WHAT THE TASK REQUIRES: Please return the lines of the data that contain "rfloor".

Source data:
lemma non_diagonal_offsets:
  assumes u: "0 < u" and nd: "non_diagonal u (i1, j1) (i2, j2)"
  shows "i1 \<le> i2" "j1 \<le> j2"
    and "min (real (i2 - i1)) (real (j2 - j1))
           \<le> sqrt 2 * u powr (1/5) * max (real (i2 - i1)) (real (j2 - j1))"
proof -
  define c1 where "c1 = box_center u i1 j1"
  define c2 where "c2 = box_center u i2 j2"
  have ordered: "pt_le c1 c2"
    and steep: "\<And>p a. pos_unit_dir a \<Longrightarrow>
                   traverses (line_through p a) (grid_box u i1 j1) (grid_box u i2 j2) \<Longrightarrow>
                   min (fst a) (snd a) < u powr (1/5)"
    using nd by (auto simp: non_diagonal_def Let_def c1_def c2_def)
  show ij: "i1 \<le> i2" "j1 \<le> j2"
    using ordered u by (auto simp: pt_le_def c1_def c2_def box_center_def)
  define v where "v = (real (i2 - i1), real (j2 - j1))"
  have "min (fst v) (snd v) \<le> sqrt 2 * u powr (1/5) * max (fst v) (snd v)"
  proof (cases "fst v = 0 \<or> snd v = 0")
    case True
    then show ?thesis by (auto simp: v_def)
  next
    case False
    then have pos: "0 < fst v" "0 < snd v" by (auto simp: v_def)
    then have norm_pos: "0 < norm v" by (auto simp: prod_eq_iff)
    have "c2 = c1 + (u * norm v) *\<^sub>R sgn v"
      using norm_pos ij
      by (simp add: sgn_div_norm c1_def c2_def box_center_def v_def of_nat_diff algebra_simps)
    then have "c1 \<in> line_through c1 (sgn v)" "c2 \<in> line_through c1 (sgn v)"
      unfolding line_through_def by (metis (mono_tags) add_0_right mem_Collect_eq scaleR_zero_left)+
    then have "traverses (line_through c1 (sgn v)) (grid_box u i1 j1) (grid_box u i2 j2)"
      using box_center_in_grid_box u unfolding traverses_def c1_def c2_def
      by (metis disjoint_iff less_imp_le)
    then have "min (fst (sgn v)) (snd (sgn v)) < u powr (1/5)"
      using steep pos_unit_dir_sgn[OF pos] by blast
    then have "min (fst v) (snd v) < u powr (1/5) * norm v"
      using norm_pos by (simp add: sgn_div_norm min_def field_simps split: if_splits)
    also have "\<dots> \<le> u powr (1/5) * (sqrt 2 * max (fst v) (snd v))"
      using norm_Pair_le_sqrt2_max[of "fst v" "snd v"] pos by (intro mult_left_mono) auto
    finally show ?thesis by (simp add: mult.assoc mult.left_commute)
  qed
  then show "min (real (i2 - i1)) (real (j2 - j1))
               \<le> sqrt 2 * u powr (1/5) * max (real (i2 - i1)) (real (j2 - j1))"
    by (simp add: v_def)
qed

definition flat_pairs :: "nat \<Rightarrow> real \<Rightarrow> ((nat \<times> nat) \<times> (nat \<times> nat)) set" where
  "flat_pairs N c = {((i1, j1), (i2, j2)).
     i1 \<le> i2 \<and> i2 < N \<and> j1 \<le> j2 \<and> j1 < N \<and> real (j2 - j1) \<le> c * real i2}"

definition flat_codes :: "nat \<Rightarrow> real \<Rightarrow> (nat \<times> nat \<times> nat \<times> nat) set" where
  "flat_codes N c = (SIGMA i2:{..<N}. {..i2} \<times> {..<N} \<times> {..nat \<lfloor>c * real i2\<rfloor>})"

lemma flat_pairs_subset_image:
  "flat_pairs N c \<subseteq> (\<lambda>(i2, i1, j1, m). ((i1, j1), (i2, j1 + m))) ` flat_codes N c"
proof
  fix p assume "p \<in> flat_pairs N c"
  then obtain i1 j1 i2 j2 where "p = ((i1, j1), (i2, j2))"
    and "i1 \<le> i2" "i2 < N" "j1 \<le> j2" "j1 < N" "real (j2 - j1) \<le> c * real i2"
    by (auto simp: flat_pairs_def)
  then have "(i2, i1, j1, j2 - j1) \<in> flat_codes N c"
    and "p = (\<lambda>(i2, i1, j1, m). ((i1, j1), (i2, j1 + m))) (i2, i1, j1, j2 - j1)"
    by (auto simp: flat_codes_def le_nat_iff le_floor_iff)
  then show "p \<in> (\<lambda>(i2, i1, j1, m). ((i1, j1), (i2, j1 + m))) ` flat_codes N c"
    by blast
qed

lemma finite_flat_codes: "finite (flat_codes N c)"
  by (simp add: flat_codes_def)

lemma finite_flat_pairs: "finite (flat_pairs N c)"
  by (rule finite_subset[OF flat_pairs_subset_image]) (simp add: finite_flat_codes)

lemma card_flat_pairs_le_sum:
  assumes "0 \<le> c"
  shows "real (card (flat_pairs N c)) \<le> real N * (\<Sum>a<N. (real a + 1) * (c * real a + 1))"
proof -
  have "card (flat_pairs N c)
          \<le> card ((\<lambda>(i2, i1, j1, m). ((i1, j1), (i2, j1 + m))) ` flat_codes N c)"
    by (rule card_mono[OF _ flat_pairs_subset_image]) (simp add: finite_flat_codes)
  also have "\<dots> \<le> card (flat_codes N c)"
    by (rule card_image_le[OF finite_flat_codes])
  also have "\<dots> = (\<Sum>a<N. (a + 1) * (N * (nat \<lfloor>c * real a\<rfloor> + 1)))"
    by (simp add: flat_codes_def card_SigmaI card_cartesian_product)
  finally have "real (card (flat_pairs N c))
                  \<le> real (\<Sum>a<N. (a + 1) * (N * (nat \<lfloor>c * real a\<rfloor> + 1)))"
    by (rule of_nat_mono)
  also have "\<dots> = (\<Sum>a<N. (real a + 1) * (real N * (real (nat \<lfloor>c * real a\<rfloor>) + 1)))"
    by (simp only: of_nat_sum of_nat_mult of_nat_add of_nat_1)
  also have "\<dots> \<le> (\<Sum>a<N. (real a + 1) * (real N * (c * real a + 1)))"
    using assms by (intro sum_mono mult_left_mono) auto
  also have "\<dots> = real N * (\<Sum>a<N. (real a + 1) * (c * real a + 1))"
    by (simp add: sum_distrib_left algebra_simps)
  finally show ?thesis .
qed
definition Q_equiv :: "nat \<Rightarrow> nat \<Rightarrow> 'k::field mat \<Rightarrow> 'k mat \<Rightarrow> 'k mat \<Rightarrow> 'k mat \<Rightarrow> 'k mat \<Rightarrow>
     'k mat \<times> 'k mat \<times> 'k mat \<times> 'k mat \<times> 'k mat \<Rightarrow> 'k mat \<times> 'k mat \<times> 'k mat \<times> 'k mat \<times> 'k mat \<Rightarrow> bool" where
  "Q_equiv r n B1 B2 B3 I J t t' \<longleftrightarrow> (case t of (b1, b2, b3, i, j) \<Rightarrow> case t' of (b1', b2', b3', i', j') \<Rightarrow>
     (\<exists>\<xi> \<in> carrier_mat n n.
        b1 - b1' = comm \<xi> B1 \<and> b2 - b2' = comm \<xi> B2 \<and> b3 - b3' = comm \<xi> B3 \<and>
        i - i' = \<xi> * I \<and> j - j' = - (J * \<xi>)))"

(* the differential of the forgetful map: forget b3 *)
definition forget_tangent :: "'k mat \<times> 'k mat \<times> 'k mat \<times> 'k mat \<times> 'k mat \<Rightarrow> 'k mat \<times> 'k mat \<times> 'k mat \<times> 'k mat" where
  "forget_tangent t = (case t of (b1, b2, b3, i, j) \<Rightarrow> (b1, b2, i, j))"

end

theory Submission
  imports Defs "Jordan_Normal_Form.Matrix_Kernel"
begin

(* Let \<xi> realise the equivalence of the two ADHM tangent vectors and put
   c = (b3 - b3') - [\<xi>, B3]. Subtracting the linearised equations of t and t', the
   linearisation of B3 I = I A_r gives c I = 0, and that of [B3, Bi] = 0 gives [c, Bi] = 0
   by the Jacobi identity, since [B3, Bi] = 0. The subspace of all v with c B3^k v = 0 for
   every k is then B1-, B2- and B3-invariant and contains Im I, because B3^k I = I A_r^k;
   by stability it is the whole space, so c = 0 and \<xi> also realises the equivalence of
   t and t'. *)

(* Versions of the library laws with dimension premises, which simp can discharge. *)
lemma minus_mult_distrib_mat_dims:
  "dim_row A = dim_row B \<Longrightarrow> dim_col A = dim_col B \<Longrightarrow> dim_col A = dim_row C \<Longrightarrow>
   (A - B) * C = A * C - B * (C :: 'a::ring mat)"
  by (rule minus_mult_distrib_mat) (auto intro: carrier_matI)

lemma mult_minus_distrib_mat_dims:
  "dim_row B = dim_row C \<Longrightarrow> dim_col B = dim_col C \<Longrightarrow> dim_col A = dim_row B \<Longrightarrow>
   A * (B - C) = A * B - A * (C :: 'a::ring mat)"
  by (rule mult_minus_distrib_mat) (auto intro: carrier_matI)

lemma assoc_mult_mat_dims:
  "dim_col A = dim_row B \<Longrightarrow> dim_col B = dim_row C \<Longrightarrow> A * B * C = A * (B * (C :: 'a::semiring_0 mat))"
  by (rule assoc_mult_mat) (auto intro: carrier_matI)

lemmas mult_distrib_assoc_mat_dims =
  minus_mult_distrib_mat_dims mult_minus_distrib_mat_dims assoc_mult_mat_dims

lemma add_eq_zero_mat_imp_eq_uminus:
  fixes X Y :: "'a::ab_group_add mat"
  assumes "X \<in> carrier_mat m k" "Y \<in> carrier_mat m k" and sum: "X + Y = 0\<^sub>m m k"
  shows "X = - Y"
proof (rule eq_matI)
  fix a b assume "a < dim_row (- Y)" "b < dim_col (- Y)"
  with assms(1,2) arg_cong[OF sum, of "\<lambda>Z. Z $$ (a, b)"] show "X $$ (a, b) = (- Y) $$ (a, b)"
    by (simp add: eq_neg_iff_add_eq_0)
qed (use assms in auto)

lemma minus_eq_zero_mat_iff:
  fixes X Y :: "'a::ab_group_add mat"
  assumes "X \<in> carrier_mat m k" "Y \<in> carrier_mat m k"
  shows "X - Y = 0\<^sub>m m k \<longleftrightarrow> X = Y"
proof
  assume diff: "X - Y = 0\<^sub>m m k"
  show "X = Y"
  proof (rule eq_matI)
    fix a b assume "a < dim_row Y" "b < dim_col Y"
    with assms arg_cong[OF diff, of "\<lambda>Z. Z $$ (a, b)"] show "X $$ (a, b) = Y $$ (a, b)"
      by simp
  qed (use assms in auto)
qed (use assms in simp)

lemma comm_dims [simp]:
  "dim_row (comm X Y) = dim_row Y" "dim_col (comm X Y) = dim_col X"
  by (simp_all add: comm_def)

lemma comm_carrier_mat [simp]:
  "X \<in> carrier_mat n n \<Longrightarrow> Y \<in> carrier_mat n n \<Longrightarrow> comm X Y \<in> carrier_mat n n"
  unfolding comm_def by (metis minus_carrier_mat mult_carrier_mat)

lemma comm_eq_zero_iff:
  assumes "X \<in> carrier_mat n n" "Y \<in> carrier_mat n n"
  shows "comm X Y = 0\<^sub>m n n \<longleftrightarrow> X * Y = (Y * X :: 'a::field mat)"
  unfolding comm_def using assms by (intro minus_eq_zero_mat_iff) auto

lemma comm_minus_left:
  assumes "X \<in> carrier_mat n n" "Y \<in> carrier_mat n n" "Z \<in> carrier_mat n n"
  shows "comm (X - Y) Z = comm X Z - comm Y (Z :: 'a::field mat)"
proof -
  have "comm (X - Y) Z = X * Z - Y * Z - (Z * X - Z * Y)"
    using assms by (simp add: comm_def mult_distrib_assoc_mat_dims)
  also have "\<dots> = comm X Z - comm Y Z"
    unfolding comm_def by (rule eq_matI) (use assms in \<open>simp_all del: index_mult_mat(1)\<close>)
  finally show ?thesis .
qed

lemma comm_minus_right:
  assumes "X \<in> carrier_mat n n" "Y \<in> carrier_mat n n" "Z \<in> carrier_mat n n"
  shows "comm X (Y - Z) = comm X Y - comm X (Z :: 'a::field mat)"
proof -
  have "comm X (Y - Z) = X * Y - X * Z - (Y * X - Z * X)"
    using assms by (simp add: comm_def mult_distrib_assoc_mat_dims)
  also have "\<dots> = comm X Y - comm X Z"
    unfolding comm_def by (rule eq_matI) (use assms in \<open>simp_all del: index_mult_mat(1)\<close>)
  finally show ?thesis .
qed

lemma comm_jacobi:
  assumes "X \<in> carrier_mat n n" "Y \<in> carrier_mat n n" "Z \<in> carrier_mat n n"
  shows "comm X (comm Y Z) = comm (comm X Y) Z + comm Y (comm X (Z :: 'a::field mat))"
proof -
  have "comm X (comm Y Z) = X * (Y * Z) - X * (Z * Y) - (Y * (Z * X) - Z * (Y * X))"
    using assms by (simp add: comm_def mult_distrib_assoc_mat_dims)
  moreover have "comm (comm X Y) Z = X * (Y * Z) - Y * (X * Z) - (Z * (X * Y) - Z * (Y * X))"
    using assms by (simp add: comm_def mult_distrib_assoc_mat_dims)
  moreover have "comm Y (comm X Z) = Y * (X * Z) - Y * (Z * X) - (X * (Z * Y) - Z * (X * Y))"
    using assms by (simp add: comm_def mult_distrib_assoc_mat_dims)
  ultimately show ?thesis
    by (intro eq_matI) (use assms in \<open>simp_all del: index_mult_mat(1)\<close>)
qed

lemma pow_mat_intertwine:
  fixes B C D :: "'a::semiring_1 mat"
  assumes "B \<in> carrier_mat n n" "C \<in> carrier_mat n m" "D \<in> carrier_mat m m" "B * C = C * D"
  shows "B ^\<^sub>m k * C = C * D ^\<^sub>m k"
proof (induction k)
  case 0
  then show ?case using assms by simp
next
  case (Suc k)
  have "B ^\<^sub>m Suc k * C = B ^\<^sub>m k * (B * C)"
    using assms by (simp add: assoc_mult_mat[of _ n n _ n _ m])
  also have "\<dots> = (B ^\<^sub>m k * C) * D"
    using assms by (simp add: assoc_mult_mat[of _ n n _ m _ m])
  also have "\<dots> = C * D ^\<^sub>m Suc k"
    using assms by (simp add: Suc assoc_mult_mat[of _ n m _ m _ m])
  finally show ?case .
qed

ANSWER FOR THIS EXERCISE:
  "flat_codes N c = (SIGMA i2:{..<N}. {..i2} \<times> {..<N} \<times> {..nat \<lfloor>c * real i2\<rfloor>})"
  also have "\<dots> = (\<Sum>a<N. (a + 1) * (N * (nat \<lfloor>c * real a\<rfloor> + 1)))"
                  \<le> real (\<Sum>a<N. (a + 1) * (N * (nat \<lfloor>c * real a\<rfloor> + 1)))"
  also have "\<dots> = (\<Sum>a<N. (real a + 1) * (real N * (real (nat \<lfloor>c * real a\<rfloor>) + 1)))"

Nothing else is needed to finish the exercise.